= Required action =
Write out, word for word, only the data from its first line to the line containing "using D by auto".

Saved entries
lemma subspace_image:
  fixes D :: "'a::field mat"
  assumes D: "D \<in> carrier_mat m' m"
  shows "is_subspace m' {D *\<^sub>v w | w. w \<in> carrier_vec m}"
  unfolding is_subspace_def
proof (intro conjI ballI allI)
  show "{D *\<^sub>v w | w. w \<in> carrier_vec m} \<subseteq> carrier_vec m'" using D by auto
  show "0\<^sub>v m' \<in> {D *\<^sub>v w | w. w \<in> carrier_vec m}" using D by (intro CollectI exI[of _ "0\<^sub>v m"]) auto
  fix x y assume x: "x \<in> {D *\<^sub>v w | w. w \<in> carrier_vec m}"
    and y: "y \<in> {D *\<^sub>v w | w. w \<in> carrier_vec m}"
  then obtain wx wy where "wx \<in> carrier_vec m" "wy \<in> carrier_vec m" "x = D *\<^sub>v wx" "y = D *\<^sub>v wy"
    by blast
  thus "x + y \<in> {D *\<^sub>v w | w. w \<in> carrier_vec m}" using mult_add_distrib_mat_vec[OF D]
    by (intro CollectI exI[of _ "wx + wy"]) auto
next
  fix c :: 'a and x assume "x \<in> {D *\<^sub>v w | w. w \<in> carrier_vec m}"
  then obtain w where "w \<in> carrier_vec m" "x = D *\<^sub>v w" by blast
  thus "c \<cdot>\<^sub>v x \<in> {D *\<^sub>v w | w. w \<in> carrier_vec m}" using mult_mat_vec[OF D]
    by (intro CollectI exI[of _ "c \<cdot>\<^sub>v w"]) auto
qed


lemma subspace_minus:
  assumes U: "is_subspace m U" and x: "x \<in> U" and y: "y \<in> U"
  shows "x - y \<in> U"
proof -
  have xc: "x \<in> carrier_vec m" and yc: "y \<in> carrier_vec m" using is_subspaceD(1)[OF U] x y by auto
  have "x - y = x + (-1) \<cdot>\<^sub>v y" by (rule eq_vecI) (use xc yc in auto)
  thus ?thesis using is_subspaceD(3,4)[OF U] x y by auto
qed

lemma subspace_diff_trans:
  assumes U: "is_subspace m U" and c: "x \<in> carrier_vec m" "y \<in> carrier_vec m" "z \<in> carrier_vec m"
    and "x - y \<in> U" "y - z \<in> U"
  shows "x - z \<in> U"
proof -
  have "x - z = (x - y) + (y - z)" by (rule eq_vecI) (use c in auto)
  thus ?thesis using is_subspaceD(3)[OF U] assms by auto
qed

lemma subspace_diff_commute:
  assumes U: "is_subspace m U" and c: "x \<in> carrier_vec m" "y \<in> carrier_vec m" and "x - y \<in> U"
  shows "y - x \<in> U"
proof -
  have "y - x = (-1) \<cdot>\<^sub>v (x - y)" by (rule eq_vecI) (use c in auto)
  thus ?thesis using is_subspaceD(4)[OF U] assms by auto
qed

= Response below =
lemma subspace_image:
  fixes D :: "'a::field mat"
  assumes D: "D \<in> carrier_mat m' m"
  shows "is_subspace m' {D *\<^sub>v w | w. w \<in> carrier_vec m}"
  unfolding is_subspace_def
proof (intro conjI ballI allI)
  show "{D *\<^sub>v w | w. w \<in> carrier_vec m} \<subseteq> carrier_vec m'" using D by auto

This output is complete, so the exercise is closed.